8- Hamilelik süresince iyi beslenme perineyi doğuma hazırlar. Gebelikte yaşanan hormonal değişikler rahim ağzını ve perine dokularını da etkiler. Yeterli protein alımı, E vitamini, fındık ve tohumlar gibi kısa zincir yağ asitleri içeren besinler, soğuk pres yağlar, her türlü fasulye çeşidi, omega 3 ve omega 6, somon ve ton başta olmak üzere balık yemek perine bölgesini doğuma hazırlar.
9- Doğuma hazırlık eğitimi almış annelerin normal doğum kesisi riski azalır. Bu anneler artık Türkiye'nin doğumhane gerçeklerini öğrenmişlerdir, doğum tercihlerini belirlemiş ve doktorlarıyla sağlıklı bir diyaloğa girmişlerdir. Nefes tekniklerini, ıkınma yöntemlerini öğrenmişer ve en önemlisi içlerindeki doğurganlıkla tanışmışlardır. Doğumu yapanın doktor değil, kendilerinin olacağının farkında, hamilelik sürecini iyi değerlendirerek bebeklerinin doğum gününe hazırlanmışlardır.
Dünya Sağlık Örgütü (WHO) normal doğumlarda epizyotomi için %10 gibi düşük bir oran öneriyor. Bizde ise ilk doğumunu yapmış kadınların neredeyse hepsine epizyo açılıyor ve çoğu kadın başına böyle birşeyin geleceğinden habersiz ya da bunu sağlıklı ve normal sanıyor. Neden belki de hiç zarar görmeden ya da birinci derece yırtıkla bebeğimizi doğuracakken gereksiz yere, belki yırtık olur diye kesilelim? Şimdi bazılarınızı duyar gibi oluyorum. "Benim arkadaşımın başına söyle birşey geldi, böyle yırtık oldu" falan filan. Ben de size sorarım o zaman yukarıda yazdıklarımı denemiş mi? Nasıl bir doğum süreci geçirmiş? Desteklenmiş mi? Yatarak mı doğum yapmış? Karnına basmışlar mı? Vakum kullanmışlar mı? Ikın ıkın diye bağırmışlar mı? Çok hızlı mı olmuş doğum?

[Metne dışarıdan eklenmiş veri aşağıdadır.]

(* Let $q$ be a prime power, $t\ge1$, $s<t$ a nonnegative integer, and $W=\{0,w_1,\dots,w_{q^s-1}\}$ an $\mathbb{F}_q$-subspace of $\mathbb{F}_{q^t}$ of dimension $s$. Let $\alpha^*\in\mathbb{F}_{q^t}$, let $\{\beta_1,\dots,\beta_t\}$ be an arbitrary $\mathbb{F}_q$-basis of $\mathbb{F}_{q^t}$, and for $i=1,\dots,t$ let \[ g_i(x)=\beta_i\prod_{j=1}^{q^s-1}\Big(x-\big(\alpha^*-w_j^{-1}\beta_i\big)\Big). \] Then $\{g_1(\alpha^* ),\dots,g_t(\alpha^* )\}$ has rank $t$ over $\mathbb{F}_q$. *)

theory Defs
  imports "HOL-Computational_Algebra.Polynomial" "HOL-Computational_Algebra.Primes"
begin

text \<open>A subfield F of a field 'a (playing the role of F_q inside F_(q^t)).\<close>
definition is_subfield :: "'a::field set \<Rightarrow> bool" where
  "is_subfield F \<longleftrightarrow> 0 \<in> F \<and> 1 \<in> F \<and>
     (\<forall>x\<in>F. \<forall>y\<in>F. x + y \<in> F \<and> x - y \<in> F \<and> x * y \<in> F) \<and>
     (\<forall>x\<in>F. inverse x \<in> F)"

definition F_span :: "'a::field set \<Rightarrow> 'a set \<Rightarrow> 'a set" where
  "F_span F B = {(\<Sum>x\<in>B. c x * x) | c. \<forall>x\<in>B. c x \<in> F}"

definition F_indep :: "'a::field set \<Rightarrow> 'a set \<Rightarrow> bool" where
  "F_indep F B \<longleftrightarrow> finite B \<and>
     (\<forall>c. (\<forall>x\<in>B. c x \<in> F) \<longrightarrow> (\<Sum>x\<in>B. c x * x) = 0 \<longrightarrow> (\<forall>x\<in>B. c x = 0))"

definition F_subspace :: "'a::field set \<Rightarrow> 'a set \<Rightarrow> bool" where
  "F_subspace F W \<longleftrightarrow> 0 \<in> W \<and> (\<forall>x\<in>W. \<forall>y\<in>W. x + y \<in> W) \<and> (\<forall>c\<in>F. \<forall>x\<in>W. c * x \<in> W)"

definition F_basis :: "'a::field set \<Rightarrow> 'a set \<Rightarrow> 'a set \<Rightarrow> bool" where
  "F_basis F B W \<longleftrightarrow> B \<subseteq> W \<and> F_indep F B \<and> F_span F B = W"

definition F_rank :: "'a::field set \<Rightarrow> 'a set \<Rightarrow> nat" where
  "F_rank F S = Max {card B | B. B \<subseteq> S \<and> F_indep F B}"

definition prime_power :: "nat \<Rightarrow> bool" where
  "prime_power q \<longleftrightarrow> (\<exists>p k. prime p \<and> k > 0 \<and> q = p ^ k)"

end

theory Submission
  imports Defs "HOL-Library.FuncSet"
begin

text \<open>
  Every value \<open>g\<^sub>i(\<alpha>\<^sup>*)\<close> equals \<open>C \<beta>\<^sub>i\<^sup>N\<close> with \<open>N = |W| = q\<^sup>s\<close> and
  \<open>C = \<Prod>\<^sub>j w\<^sub>j\<^sup>-\<^sup>1 \<noteq> 0\<close>, independently of \<open>\<alpha>\<^sup>*\<close>. Since \<open>N\<close> is a power of the
  characteristic, \<open>x \<mapsto> C x\<^sup>N\<close> is an injective additive map, and it is
  \<open>\<bbbF>\<^sub>q\<close>-linear because \<open>c\<^sup>N = c\<close> for \<open>c \<in> \<bbbF>\<^sub>q\<close>. Hence it maps the basis
  \<open>\<beta>\<^sub>1, \<dots>, \<beta>\<^sub>t\<close> to \<open>t\<close> distinct independent vectors.
\<close>

lemma of_nat_card_subfield:
  fixes F :: "'a::{field,finite} set"
  assumes "is_subfield F"
  shows "of_nat (card F) = (0::'a)"
proof -
  have closed: "x + 1 \<in> F" "x - 1 \<in> F" if "x \<in> F" for x
    using assms that unfolding is_subfield_def by blast+
  have "(\<Sum>x\<in>F. x + 1) = (\<Sum>x\<in>F. x)"
    by (rule sum.reindex_bij_witness[of _ "\<lambda>x. x - 1" "\<lambda>x. x + 1"]) (auto simp: closed)
  then show ?thesis
    by (simp add: sum.distrib)
qed

lemma prime_CHAR_finite_field: "prime CHAR('a::{field,finite})"
  using prime_CHAR_semidom finite_imp_CHAR_pos[OF finite_UNIV] by blast

lemma card_subfield_eq_CHAR_power:
  fixes F :: "'a::{field,finite} set"
  assumes "is_subfield F" "prime_power (card F)"
  obtains k where "card F = CHAR('a) ^ k"
proof -
  obtain p k where "prime p" "card F = p ^ k"
    using assms(2) unfolding prime_power_def by blast
  moreover have "CHAR('a) dvd p ^ k"
    using of_nat_card_subfield[OF assms(1)] \<open>card F = p ^ k\<close> of_nat_eq_0_iff_char_dvd by metis
  ultimately have "CHAR('a) = p"
    using prime_CHAR_finite_field prime_dvd_power primes_dvd_imp_eq by blast
  then show ?thesis
    using that \<open>card F = p ^ k\<close> by blast
qed

lemma subfield_power_card_eq_same:
  fixes F :: "'a::{field,finite} set"
  assumes "is_subfield F" "a \<in> F"
  shows "a ^ card F = a"
proof (cases "a = 0")
  case True
  have "card F > 0"
    using assms(1) unfolding is_subfield_def by (auto simp: card_gt_0_iff)
  then show ?thesis
    using True by simp
next
  case False
  have closed: "a * x \<in> F" "inverse a * x \<in> F" if "x \<in> F" for x
    using assms that unfolding is_subfield_def by blast+
  have zero: "0 \<in> F"
    using assms(1) unfolding is_subfield_def by blast
  have "(\<Prod>x\<in>F - {0}. a * x) = (\<Prod>x\<in>F - {0}. x)"
    by (rule prod.reindex_bij_witness[of _ "\<lambda>x. inverse a * x" "\<lambda>x. a * x"])
       (use False in \<open>auto simp: closed\<close>)
  then have "a ^ (card F - 1) = 1"
    using zero by (simp add: prod.distrib)
  moreover have "card F > 0"
    using zero by (auto simp: card_gt_0_iff)
  ultimately show ?thesis
    by (metis Suc_diff_1 mult.right_neutral power_Suc)
qed

lemma subfield_power_card_power_eq_same:
  fixes F :: "'a::{field,finite} set"
  assumes "is_subfield F" "a \<in> F"
  shows "a ^ (card F ^ n) = a"
proof (induction n)
  case (Suc n)
  have "a ^ (card F ^ Suc n) = (a ^ (card F ^ n)) ^ card F"
    by (simp add: power_mult[symmetric] mult.commute)
  then show ?case
    using Suc subfield_power_card_eq_same[OF assms] by simp
qed simp

lemma card_eq_power_if_F_basis:
  fixes F B W :: "'a::{field,finite} set"
  assumes "F_basis F B W" "is_subfield F"
  shows "card W = card F ^ card B"
proof -
  have indep: "F_indep F B" and span: "F_span F B = W"
    using assms(1) unfolding F_basis_def by auto
  define comb where "comb c = (\<Sum>x\<in>B. c x * x)" for c :: "'a \<Rightarrow> 'a"
  have "inj_on comb (B \<rightarrow>\<^sub>E F)"
  proof (rule inj_onI)
    fix c d assume c: "c \<in> B \<rightarrow>\<^sub>E F" and d: "d \<in> B \<rightarrow>\<^sub>E F" and "comb c = comb d"
    then have "(\<Sum>x\<in>B. (c x - d x) * x) = 0"
      unfolding comb_def by (simp add: sum_subtractf left_diff_distrib)
    moreover have "\<forall>x\<in>B. c x - d x \<in> F"
      using c d assms(2) unfolding is_subfield_def by auto
    ultimately have "\<forall>x\<in>B. c x - d x = 0"
      using indep spec[of _ "\<lambda>x. c x - d x"] unfolding F_indep_def by blast
    then show "c = d"
      using c d by (auto intro: PiE_ext)
  qed
  moreover have "comb ` (B \<rightarrow>\<^sub>E F) = W"
  proof
    show "comb ` (B \<rightarrow>\<^sub>E F) \<subseteq> W"
      using span unfolding F_span_def comb_def by auto
    show "W \<subseteq> comb ` (B \<rightarrow>\<^sub>E F)"
    proof
      fix y assume "y \<in> W"
      then obtain c where c: "\<forall>x\<in>B. c x \<in> F" and y: "y = (\<Sum>x\<in>B. c x * x)"
        using span unfolding F_span_def by auto
      have "restrict c B \<in> B \<rightarrow>\<^sub>E F"
        using c by auto
      moreover have "comb (restrict c B) = y"
        unfolding comb_def y by (rule sum.cong) auto
      ultimately show "y \<in> comb ` (B \<rightarrow>\<^sub>E F)"
        by blast
    qed
  qed
  ultimately have "card W = card (B \<rightarrow>\<^sub>E F)"
    by (metis bij_betw_def bij_betw_same_card)
  then show ?thesis
    by (simp add: card_PiE)
qed

lemma F_rank_eq_card_if_F_indep:
  assumes "F_indep F S"
  shows "F_rank F S = card S"
  unfolding F_rank_def
proof (rule Max_eqI)
  have finite_S: "finite S"
    using assms unfolding F_indep_def by blast
  then have "{card B | B. B \<subseteq> S \<and> F_indep F B} \<subseteq> {..card S}"
    using card_mono by fastforce
  then show "finite {card B | B. B \<subseteq> S \<and> F_indep F B}"
    using finite_subset by blast
  show "y \<le> card S" if "y \<in> {card B | B. B \<subseteq> S \<and> F_indep F B}" for y
    using that finite_S card_mono by fastforce
  show "card S \<in> {card B | B. B \<subseteq> S \<and> F_indep F B}"
    using assms by blast
qed

lemma F_indep_image_linear:
  fixes f :: "'a::field \<Rightarrow> 'a"
  assumes add: "\<And>x y. f (x + y) = f x + f y"
    and scale: "\<And>c x. c \<in> F \<Longrightarrow> f (c * x) = c * f x"
    and "inj f" and indep: "F_indep F B"
  shows "F_indep F (f ` B)"
  unfolding F_indep_def
proof (intro conjI allI impI)
  have finite_B: "finite B"
    using indep unfolding F_indep_def by blast
  then show "finite (f ` B)" by simp
  have f_zero: "f 0 = 0"
    using add[of 0 0] by (metis add.right_neutral add_left_cancel)
  have f_sum: "f (\<Sum>x\<in>A. h x) = (\<Sum>x\<in>A. f (h x))" if "finite A" for A and h :: "'a \<Rightarrow> 'a"
    using that by (induction A rule: finite_induct) (simp_all add: f_zero add)
  fix c assume coeffs: "\<forall>y\<in>f ` B. c y \<in> F" and "(\<Sum>y\<in>f ` B. c y * y) = 0"
  moreover have "(\<Sum>y\<in>f ` B. c y * y) = f (\<Sum>x\<in>B. c (f x) * x)"
    using coeffs \<open>inj f\<close> finite_B
    by (simp add: sum.reindex inj_on_subset[OF \<open>inj f\<close>] f_sum scale)
  ultimately have "(\<Sum>x\<in>B. c (f x) * x) = 0"
    using \<open>inj f\<close> f_zero by (metis injD)
  then have "\<forall>x\<in>B. c (f x) = 0"
    using indep coeffs unfolding F_indep_def by auto
  then show "\<forall>y\<in>f ` B. c y = 0" by blast
qed

lemma inj_power_CHAR_power:
  fixes C :: "'a::field"
  assumes "prime CHAR('a)" "N = CHAR('a) ^ n" "C \<noteq> 0"
  shows "inj (\<lambda>x. C * x ^ N)"
proof (rule injI)
  fix x y :: 'a
  assume "C * x ^ N = C * y ^ N"
  then have "(x - y) ^ N + y ^ N = y ^ N"
    using assms freshmans_dream'[of N n "x - y" y] by simp
  then show "x = y" by simp
qed

lemma F_indep_image_scaled_power:
  fixes C :: "'a::field"
  assumes "prime CHAR('a)" "N = CHAR('a) ^ n"
    and fixes_F: "\<And>c. c \<in> F \<Longrightarrow> c ^ N = c"
    and "C \<noteq> 0" "F_indep F B"
  shows "F_indep F ((\<lambda>x. C * x ^ N) ` B)"
proof (rule F_indep_image_linear[OF _ _ inj_power_CHAR_power[OF assms(1,2,4)] assms(5)])
  show "C * (x + y) ^ N = C * x ^ N + C * y ^ N" for x y
    unfolding freshmans_dream'[OF assms(1,2)] by (simp add: distrib_left)
  show "C * (c * x) ^ N = c * (C * x ^ N)" if "c \<in> F" for c x
    using fixes_F[OF that] by (simp add: power_mult_distrib)
qed

lemma poly_smult_prod_linear_factors:
  fixes a b :: "'a::field"
  assumes "finite V"
  shows "poly (smult b (\<Prod>w\<in>V. [:- (a - inverse w * b), 1:])) a
           = (\<Prod>w\<in>V. inverse w) * b ^ Suc (card V)"
  using assms by (simp add: poly_prod prod.distrib)

theorem lemma4:
  fixes F W :: "'a::{field,finite} set"
    and q t s :: nat
    and alpha :: 'a
    and beta :: "nat \<Rightarrow> 'a"
    and g :: "nat \<Rightarrow> 'a poly"
  assumes "prime_power q"
    and "is_subfield F" and "card F = q"
    and "card (UNIV :: 'a set) = q ^ t"
    and "t \<ge> 1" and "s < t"
    and "F_subspace F W" and "\<exists>B. F_basis F B W \<and> card B = s"
    and "inj_on beta {1..t}" and "F_basis F (beta ` {1..t}) UNIV"
    and "\<And>i. i \<in> {1..t} \<Longrightarrow>
           g i = smult (beta i) (\<Prod>w\<in>W - {0}. [:- (alpha - inverse w * beta i), 1:])"
  shows "F_rank F ((\<lambda>i. poly (g i) alpha) ` {1..t}) = t"
proof -
  obtain k where "card F = CHAR('a) ^ k"
    using card_subfield_eq_CHAR_power assms(1-3) by blast
  obtain B where "F_basis F B W" "card B = s"
    using assms(8) by blast
  then have "card W = card F ^ s"
    using card_eq_power_if_F_basis[OF _ assms(2)] by blast
  have "0 \<in> W"
    using assms(7) unfolding F_subspace_def by blast
  define C where "C = (\<Prod>w\<in>W - {0}. inverse w)"
  define \<phi> where "\<phi> x = C * x ^ card W" for x :: 'a
  have "poly (g i) alpha = \<phi> (beta i)" if "i \<in> {1..t}" for i
    using assms(11)[OF that] poly_smult_prod_linear_factors[of "W - {0}"]
      card_Suc_Diff1[OF finite \<open>0 \<in> W\<close>] unfolding \<phi>_def C_def by simp
  then have g_values: "(\<lambda>i. poly (g i) alpha) ` {1..t} = \<phi> ` beta ` {1..t}"
    by (simp add: image_image)
  have char_power: "card W = CHAR('a) ^ (k * s)"
    using \<open>card F = CHAR('a) ^ k\<close> \<open>card W = card F ^ s\<close> by (simp add: power_mult)
  have "C \<noteq> 0"
    by (simp add: C_def)
  have "F_indep F (\<phi> ` beta ` {1..t})"
    unfolding \<phi>_def
  proof (rule F_indep_image_scaled_power[OF prime_CHAR_finite_field char_power _ \<open>C \<noteq> 0\<close>])
    show "c ^ card W = c" if "c \<in> F" for c
      using subfield_power_card_power_eq_same[OF assms(2) that] \<open>card W = card F ^ s\<close> by simp
    show "F_indep F (beta ` {1..t})"
      using assms(10) unfolding F_basis_def by blast
  qed
  moreover have "card (\<phi> ` beta ` {1..t}) = t"
    using inj_power_CHAR_power[OF prime_CHAR_finite_field char_power \<open>C \<noteq> 0\<close>] assms(9)
    unfolding \<phi>_def by (simp add: card_image inj_on_subset)
  ultimately show ?thesis
    unfolding g_values by (simp add: F_rank_eq_card_if_F_indep)
qed

end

Doğum işi sevgi işidir. Doğuran anneye saygı ve sevgiyle yaklaşılmalı ve anne her şartta desteklenmelidir. Bir insanın dünyaya gelme dakikalarına saygı gösterilmeli; yavaş, sakin, mahremiyet dolu bir ortam yatarılmalıdır. Ve en önemlisi bu imkanlar maddi imkanlar gözetilmeksizin her kadına tanınmalıdır. Doğum da ölüm gibi bir geçiştir ve bu sürecin terörize olması dünyaya gelen bireyin ve doğuran kadının hayatını derinden etkiler.